The simulated dataset consists of 100 realizations for each class. A random partition in 80 realizations for training and 20 realizations for testing the neural network classifier is repeated 10 times. The LSP parameters are re-estimated from the 20 realizations used for independent testing and used in the computation of their LSP-HATS spectral estimates. The use of 20 realizations assures reliable estimates as shown in the simulation study, see Fig. 1, and it is compatible with the typical scenario in studies on physiological signals as EEG, where multiple trials of an experiment are available. The classification is repeated with the 10 different independent random sets of testing realizations.

The neural network classifier described in Section 2.4 is fed with TF features extracted with HANN (Nw=32), WOSA (K=8), WV, LSP-HATS, and CWT, where each feature is the spectral power at each TF point in the time interval [0, 0.5] seconds and frequency up to 40 Hz. For computing the LSP-HATS kernels, the model parameters L,aq,bq,cq,cr were inferred from training and testing realizations independently.

The total classification accuracies of each method are summarized in Table 3, from which is evident how the LSP-HATS outperforms the state-of-the-art estimators with an accuracy of 86%. Similar performance is achieved with HANN and CWT, with accuracy of 65.0% and 69.7%, respectively. The methods with the worst classification performance are WOSA and WV, with an accuracy just above 50%. The confusion matrices for each method are reported in Tables 4, 5, 6, 7, and 8. The signals correctly classified appear on the diagonal of each confusion matrix; therefore, an ideal classifier would have 200 on each diagonal entry and 0 otherwise.

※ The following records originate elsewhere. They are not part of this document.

text \<open>Both moment generating functions below come from completing the square, which turns the
  integrand into a multiple of another normal density.\<close>

lemma nn_integral_std_normal_exp_linear:
  "(\<integral>\<^sup>+ y. ennreal (std_normal_density y * exp (a * y)) \<partial>lborel) = ennreal (exp (a\<^sup>2 / 2))"
proof -
  have eq: "std_normal_density y * exp (a * y) = exp (a\<^sup>2 / 2) * normal_density a 1 y" for y
  proof -
    have "- y\<^sup>2 / 2 + a * y = a\<^sup>2 / 2 + (- (y - a)\<^sup>2 / 2)"
      by (simp add: power2_eq_square field_simps)
    then have "exp (- y\<^sup>2 / 2) * exp (a * y) = exp (a\<^sup>2 / 2) * exp (- (y - a)\<^sup>2 / 2)"
      by (metis exp_add)
    then show ?thesis unfolding normal_density_def by simp
  qed
  have "(\<integral>\<^sup>+ y. ennreal (std_normal_density y * exp (a * y)) \<partial>lborel)
      = (\<integral>\<^sup>+ y. ennreal (exp (a\<^sup>2 / 2)) * ennreal (normal_density a 1 y) \<partial>lborel)"
    by (simp add: eq ennreal_mult)
  also have "\<dots> = ennreal (exp (a\<^sup>2 / 2)) * (\<integral>\<^sup>+ y. ennreal (normal_density a 1 y) \<partial>lborel)"
    by (rule nn_integral_cmult) simp
  also have "\<dots> = ennreal (exp (a\<^sup>2 / 2))" by (simp add: nn_integral_normal_density)
  finally show ?thesis .
qed

lemma nn_integral_std_normal_exp_square:
  assumes "c < 1/2"
  shows "(\<integral>\<^sup>+ y. ennreal (std_normal_density y * exp (c * y\<^sup>2)) \<partial>lborel)
       = ennreal (1 / sqrt (1 - 2 * c))"
proof -
  define s where "s = 1 / sqrt (1 - 2 * c)"
  have pos: "0 < 1 - 2 * c" using assms by simp
  have s0: "0 < s" unfolding s_def using pos by simp
  have s2: "s\<^sup>2 = 1 / (1 - 2 * c)" unfolding s_def using pos by (simp add: power_divide)
  have eq: "std_normal_density y * exp (c * y\<^sup>2) = s * normal_density 0 s y" for y
  proof -
    have e1: "- y\<^sup>2 / 2 + c * y\<^sup>2 = - y\<^sup>2 / (2 * s\<^sup>2)" using pos by (simp add: s2 field_simps)
    have e2: "1 / sqrt (2 * pi) = s * (1 / sqrt (2 * pi * s\<^sup>2))"
      using s0 by (simp add: real_sqrt_mult)
    show ?thesis unfolding normal_density_def
      using e1 e2 by (simp add: exp_add[symmetric])
  qed
  have "(\<integral>\<^sup>+ y. ennreal (std_normal_density y * exp (c * y\<^sup>2)) \<partial>lborel)
      = (\<integral>\<^sup>+ y. ennreal s * ennreal (normal_density 0 s y) \<partial>lborel)"
    using s0 by (simp add: eq ennreal_mult)
  also have "\<dots> = ennreal s * (\<integral>\<^sup>+ y. ennreal (normal_density 0 s y) \<partial>lborel)"
    by (rule nn_integral_cmult) simp
  also have "\<dots> = ennreal s" using s0 by (simp add: nn_integral_normal_density)
  finally show ?thesis unfolding s_def .
qed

Table 3 Total classification accuracy obtained using features extracted with the different TF estimators in the simulation study, obtained on 10 independent simulations
Table 4 Confusion matrix using features obtained with HANN (Nw=32). Total classification accuracy is 65.0%
Table 5 Confusion matrix using features obtained with WOSA (K=8). Total classification accuracy is 50.7%
Table 6 Confusion matrix using features obtained with WV. Total classification accuracy is 54.8%
Table 7 Confusion matrix using features obtained with LSP-HATS. Total classification accuracy is 86.0%
Table 8 Confusion matrix using features obtained with CWT. Total classification accuracy is 69.7%

3.3 Application: classification of EEG signals

The data considered have been collected within a study on human memory retrieval, conducted at the Department of Psychology of Lund University, Sweden, during the spring of 2015. The EEG signals have been measured from one subject participating in the experiment. The encoding task consisted in associating a non-related word with a target picture belonging to one of three categories (“Faces,” “Landmarks,” “Objects”). A total of 180 trials were performed, 60 for each class. The EEG measurements were recorded from channel O1 according to the International 10–20 system, as primary visual areas can be found below the occipital lobes, and sampled with fs=512 Hz. Analogously to the simulation study, each time series has 256 equidistant samples during the time interval [0, 0.5] seconds. A few signals from each class are shown in Fig. 9.

Fig. 9
figure 9

Three random EEG signals, after 70 Hz low-pass filtering, corresponding to three different trials of a memory task, from each category: a “Faces,” b “Objects,” and c “Landmarks”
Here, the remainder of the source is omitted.